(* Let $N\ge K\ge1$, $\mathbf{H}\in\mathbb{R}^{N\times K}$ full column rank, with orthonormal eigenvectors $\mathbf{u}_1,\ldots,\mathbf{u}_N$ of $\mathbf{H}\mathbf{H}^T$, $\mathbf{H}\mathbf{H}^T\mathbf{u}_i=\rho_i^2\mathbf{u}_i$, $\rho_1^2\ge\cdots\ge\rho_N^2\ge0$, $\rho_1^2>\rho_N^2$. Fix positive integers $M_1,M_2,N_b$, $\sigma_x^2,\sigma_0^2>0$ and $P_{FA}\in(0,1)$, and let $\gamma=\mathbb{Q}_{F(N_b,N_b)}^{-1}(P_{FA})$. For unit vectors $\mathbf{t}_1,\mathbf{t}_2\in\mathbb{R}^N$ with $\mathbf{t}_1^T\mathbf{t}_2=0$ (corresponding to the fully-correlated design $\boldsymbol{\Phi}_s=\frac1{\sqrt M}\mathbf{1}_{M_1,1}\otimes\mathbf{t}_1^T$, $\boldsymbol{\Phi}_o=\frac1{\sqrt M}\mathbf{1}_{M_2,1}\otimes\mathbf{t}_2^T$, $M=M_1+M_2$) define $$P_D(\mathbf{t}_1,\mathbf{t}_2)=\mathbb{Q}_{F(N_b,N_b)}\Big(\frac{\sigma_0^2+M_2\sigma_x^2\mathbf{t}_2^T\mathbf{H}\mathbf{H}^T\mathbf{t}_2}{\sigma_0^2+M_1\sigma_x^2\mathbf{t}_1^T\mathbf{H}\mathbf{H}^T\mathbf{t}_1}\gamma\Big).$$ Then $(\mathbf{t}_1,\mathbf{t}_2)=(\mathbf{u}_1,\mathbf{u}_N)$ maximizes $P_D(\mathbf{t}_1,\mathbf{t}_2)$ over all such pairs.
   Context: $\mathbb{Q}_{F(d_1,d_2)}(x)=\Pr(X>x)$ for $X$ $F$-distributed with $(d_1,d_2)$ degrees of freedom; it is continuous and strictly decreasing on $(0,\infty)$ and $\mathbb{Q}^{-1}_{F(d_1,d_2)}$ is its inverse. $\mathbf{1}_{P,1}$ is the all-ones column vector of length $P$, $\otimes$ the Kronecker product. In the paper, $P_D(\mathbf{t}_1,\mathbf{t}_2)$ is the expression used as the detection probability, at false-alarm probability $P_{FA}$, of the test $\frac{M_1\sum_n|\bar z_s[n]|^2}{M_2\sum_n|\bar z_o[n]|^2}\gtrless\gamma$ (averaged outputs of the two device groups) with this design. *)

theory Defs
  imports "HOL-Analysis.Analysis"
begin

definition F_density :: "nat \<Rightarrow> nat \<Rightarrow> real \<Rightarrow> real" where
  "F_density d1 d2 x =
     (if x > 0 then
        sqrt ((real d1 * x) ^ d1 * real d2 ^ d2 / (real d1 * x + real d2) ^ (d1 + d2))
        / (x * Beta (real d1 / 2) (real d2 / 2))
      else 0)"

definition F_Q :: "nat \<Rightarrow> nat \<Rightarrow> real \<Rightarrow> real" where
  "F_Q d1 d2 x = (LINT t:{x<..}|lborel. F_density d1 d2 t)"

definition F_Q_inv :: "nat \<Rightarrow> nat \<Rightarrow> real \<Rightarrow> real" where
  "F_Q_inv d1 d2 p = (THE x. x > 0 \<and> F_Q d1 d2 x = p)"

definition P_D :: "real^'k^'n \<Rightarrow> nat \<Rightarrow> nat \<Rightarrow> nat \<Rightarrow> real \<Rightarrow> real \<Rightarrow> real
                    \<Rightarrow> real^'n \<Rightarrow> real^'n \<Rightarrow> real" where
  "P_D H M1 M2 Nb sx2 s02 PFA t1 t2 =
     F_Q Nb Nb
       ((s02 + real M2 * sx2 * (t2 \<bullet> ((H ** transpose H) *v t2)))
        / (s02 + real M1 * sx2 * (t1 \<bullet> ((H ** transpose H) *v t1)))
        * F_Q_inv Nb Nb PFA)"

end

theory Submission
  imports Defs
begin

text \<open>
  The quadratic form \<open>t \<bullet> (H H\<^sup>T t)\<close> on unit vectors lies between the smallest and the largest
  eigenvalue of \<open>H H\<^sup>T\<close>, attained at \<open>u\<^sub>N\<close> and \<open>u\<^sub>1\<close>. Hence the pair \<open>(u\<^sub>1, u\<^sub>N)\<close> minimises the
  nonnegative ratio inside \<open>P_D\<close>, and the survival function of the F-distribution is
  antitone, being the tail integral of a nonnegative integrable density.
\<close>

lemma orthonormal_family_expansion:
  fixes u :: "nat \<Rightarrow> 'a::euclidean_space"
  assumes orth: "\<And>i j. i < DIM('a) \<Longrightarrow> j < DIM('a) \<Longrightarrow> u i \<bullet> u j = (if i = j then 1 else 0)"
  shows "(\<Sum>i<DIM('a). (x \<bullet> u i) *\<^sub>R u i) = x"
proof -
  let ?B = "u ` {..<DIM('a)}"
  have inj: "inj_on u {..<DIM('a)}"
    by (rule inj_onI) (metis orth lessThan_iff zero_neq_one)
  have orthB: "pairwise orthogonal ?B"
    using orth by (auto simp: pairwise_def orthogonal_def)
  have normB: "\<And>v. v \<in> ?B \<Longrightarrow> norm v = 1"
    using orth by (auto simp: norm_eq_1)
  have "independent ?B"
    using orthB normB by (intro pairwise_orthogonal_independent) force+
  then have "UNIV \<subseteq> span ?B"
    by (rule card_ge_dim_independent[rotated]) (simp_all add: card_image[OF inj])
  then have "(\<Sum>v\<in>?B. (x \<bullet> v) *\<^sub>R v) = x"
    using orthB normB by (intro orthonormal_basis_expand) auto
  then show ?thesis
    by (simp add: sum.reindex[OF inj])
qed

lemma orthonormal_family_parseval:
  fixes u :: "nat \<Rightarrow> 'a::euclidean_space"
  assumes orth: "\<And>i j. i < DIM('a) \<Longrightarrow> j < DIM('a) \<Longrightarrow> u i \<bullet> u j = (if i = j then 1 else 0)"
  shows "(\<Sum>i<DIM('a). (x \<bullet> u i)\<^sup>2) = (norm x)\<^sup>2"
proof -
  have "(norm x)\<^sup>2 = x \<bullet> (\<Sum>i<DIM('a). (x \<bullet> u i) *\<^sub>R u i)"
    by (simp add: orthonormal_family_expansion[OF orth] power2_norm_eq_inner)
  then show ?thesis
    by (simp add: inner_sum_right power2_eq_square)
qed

WHAT THE EXERCISE ASKS ->
Each record above has to be repeated word for word.

TASK RESULT ->
(* Let $N\ge K\ge1$, $\mathbf{H}\in\mathbb{R}^{N\times K}$ full column rank, with orthonormal eigenvectors $\mathbf{u}_1,\ldots,\mathbf{u}_N$ of $\mathbf{H}\mathbf{H}^T$, $\mathbf{H}\mathbf{H}^T\mathbf{u}_i=\rho_i^2\mathbf{u}_i$, $\rho_1^2\ge\cdots\ge\rho_N^2\ge0$, $\rho_1^2>\rho_N^2$. Fix positive integers $M_1,M_2,N_b$, $\sigma_x^2,\sigma_0^2>0$ and $P_{FA}\in(0,1)$, and let $\gamma=\mathbb{Q}_{F(N_b,N_b)}^{-1}(P_{FA})$. For unit vectors $\mathbf{t}_1,\mathbf{t}_2\in\mathbb{R}^N$ with $\mathbf{t}_1^T\mathbf{t}_2=0$ (corresponding to the fully-correlated design $\boldsymbol{\Phi}_s=\frac1{\sqrt M}\mathbf{1}_{M_1,1}\otimes\mathbf{t}_1^T$, $\boldsymbol{\Phi}_o=\frac1{\sqrt M}\mathbf{1}_{M_2,1}\otimes\mathbf{t}_2^T$, $M=M_1+M_2$) define $$P_D(\mathbf{t}_1,\mathbf{t}_2)=\mathbb{Q}_{F(N_b,N_b)}\Big(\frac{\sigma_0^2+M_2\sigma_x^2\mathbf{t}_2^T\mathbf{H}\mathbf{H}^T\mathbf{t}_2}{\sigma_0^2+M_1\sigma_x^2\mathbf{t}_1^T\mathbf{H}\mathbf{H}^T\mathbf{t}_1}\gamma\Big).$$ Then $(\mathbf{t}_1,\mathbf{t}_2)=(\mathbf{u}_1,\mathbf{u}_N)$ maximizes $P_D(\mathbf{t}_1,\mathbf{t}_2)$ over all such pairs.
   Context: $\mathbb{Q}_{F(d_1,d_2)}(x)=\Pr(X>x)$ for $X$ $F$-distributed with $(d_1,d_2)$ degrees of freedom; it is continuous and strictly decreasing on $(0,\infty)$ and $\mathbb{Q}^{-1}_{F(d_1,d_2)}$ is its inverse. $\mathbf{1}_{P,1}$ is the all-ones column vector of length $P$, $\otimes$ the Kronecker product. In the paper, $P_D(\mathbf{t}_1,\mathbf{t}_2)$ is the expression used as the detection probability, at false-alarm probability $P_{FA}$, of the test $\frac{M_1\sum_n|\bar z_s[n]|^2}{M_2\sum_n|\bar z_o[n]|^2}\gtrless\gamma$ (averaged outputs of the two device groups) with this design. *)

theory Defs
  imports "HOL-Analysis.Analysis"
begin

definition F_density :: "nat \<Rightarrow> nat \<Rightarrow> real \<Rightarrow> real" where
  "F_density d1 d2 x =
     (if x > 0 then
        sqrt ((real d1 * x) ^ d1 * real d2 ^ d2 / (real d1 * x + real d2) ^ (d1 + d2))
        / (x * Beta (real d1 / 2) (real d2 / 2))
      else 0)"

definition F_Q :: "nat \<Rightarrow> nat \<Rightarrow> real \<Rightarrow> real" where
  "F_Q d1 d2 x = (LINT t:{x<..}|lborel. F_density d1 d2 t)"

definition F_Q_inv :: "nat \<Rightarrow> nat \<Rightarrow> real \<Rightarrow> real" where
  "F_Q_inv d1 d2 p = (THE x. x > 0 \<and> F_Q d1 d2 x = p)"

definition P_D :: "real^'k^'n \<Rightarrow> nat \<Rightarrow> nat \<Rightarrow> nat \<Rightarrow> real \<Rightarrow> real \<Rightarrow> real
                    \<Rightarrow> real^'n \<Rightarrow> real^'n \<Rightarrow> real" where
  "P_D H M1 M2 Nb sx2 s02 PFA t1 t2 =
     F_Q Nb Nb
       ((s02 + real M2 * sx2 * (t2 \<bullet> ((H ** transpose H) *v t2)))
        / (s02 + real M1 * sx2 * (t1 \<bullet> ((H ** transpose H) *v t1)))
        * F_Q_inv Nb Nb PFA)"

end

theory Submission
  imports Defs
begin

text \<open>
  The quadratic form \<open>t \<bullet> (H H\<^sup>T t)\<close> on unit vectors lies between the smallest and the largest
  eigenvalue of \<open>H H\<^sup>T\<close>, attained at \<open>u\<^sub>N\<close> and \<open>u\<^sub>1\<close>. Hence the pair \<open>(u\<^sub>1, u\<^sub>N)\<close> minimises the
  nonnegative ratio inside \<open>P_D\<close>, and the survival function of the F-distribution is
  antitone, being the tail integral of a nonnegative integrable density.
\<close>

lemma orthonormal_family_expansion:
  fixes u :: "nat \<Rightarrow> 'a::euclidean_space"
  assumes orth: "\<And>i j. i < DIM('a) \<Longrightarrow> j < DIM('a) \<Longrightarrow> u i \<bullet> u j = (if i = j then 1 else 0)"
  shows "(\<Sum>i<DIM('a). (x \<bullet> u i) *\<^sub>R u i) = x"
proof -
  let ?B = "u ` {..<DIM('a)}"
  have inj: "inj_on u {..<DIM('a)}"
    by (rule inj_onI) (metis orth lessThan_iff zero_neq_one)
  have orthB: "pairwise orthogonal ?B"
    using orth by (auto simp: pairwise_def orthogonal_def)
  have normB: "\<And>v. v \<in> ?B \<Longrightarrow> norm v = 1"
    using orth by (auto simp: norm_eq_1)
  have "independent ?B"
    using orthB normB by (intro pairwise_orthogonal_independent) force+
  then have "UNIV \<subseteq> span ?B"
    by (rule card_ge_dim_independent[rotated]) (simp_all add: card_image[OF inj])
  then have "(\<Sum>v\<in>?B. (x \<bullet> v) *\<^sub>R v) = x"
    using orthB normB by (intro orthonormal_basis_expand) auto
  then show ?thesis
    by (simp add: sum.reindex[OF inj])
qed

lemma orthonormal_family_parseval:
  fixes u :: "nat \<Rightarrow> 'a::euclidean_space"
  assumes orth: "\<And>i j. i < DIM('a) \<Longrightarrow> j < DIM('a) \<Longrightarrow> u i \<bullet> u j = (if i = j then 1 else 0)"
  shows "(\<Sum>i<DIM('a). (x \<bullet> u i)\<^sup>2) = (norm x)\<^sup>2"
proof -
  have "(norm x)\<^sup>2 = x \<bullet> (\<Sum>i<DIM('a). (x \<bullet> u i) *\<^sub>R u i)"
    by (simp add: orthonormal_family_expansion[OF orth] power2_norm_eq_inner)
  then show ?thesis
    by (simp add: inner_sum_right power2_eq_square)
qed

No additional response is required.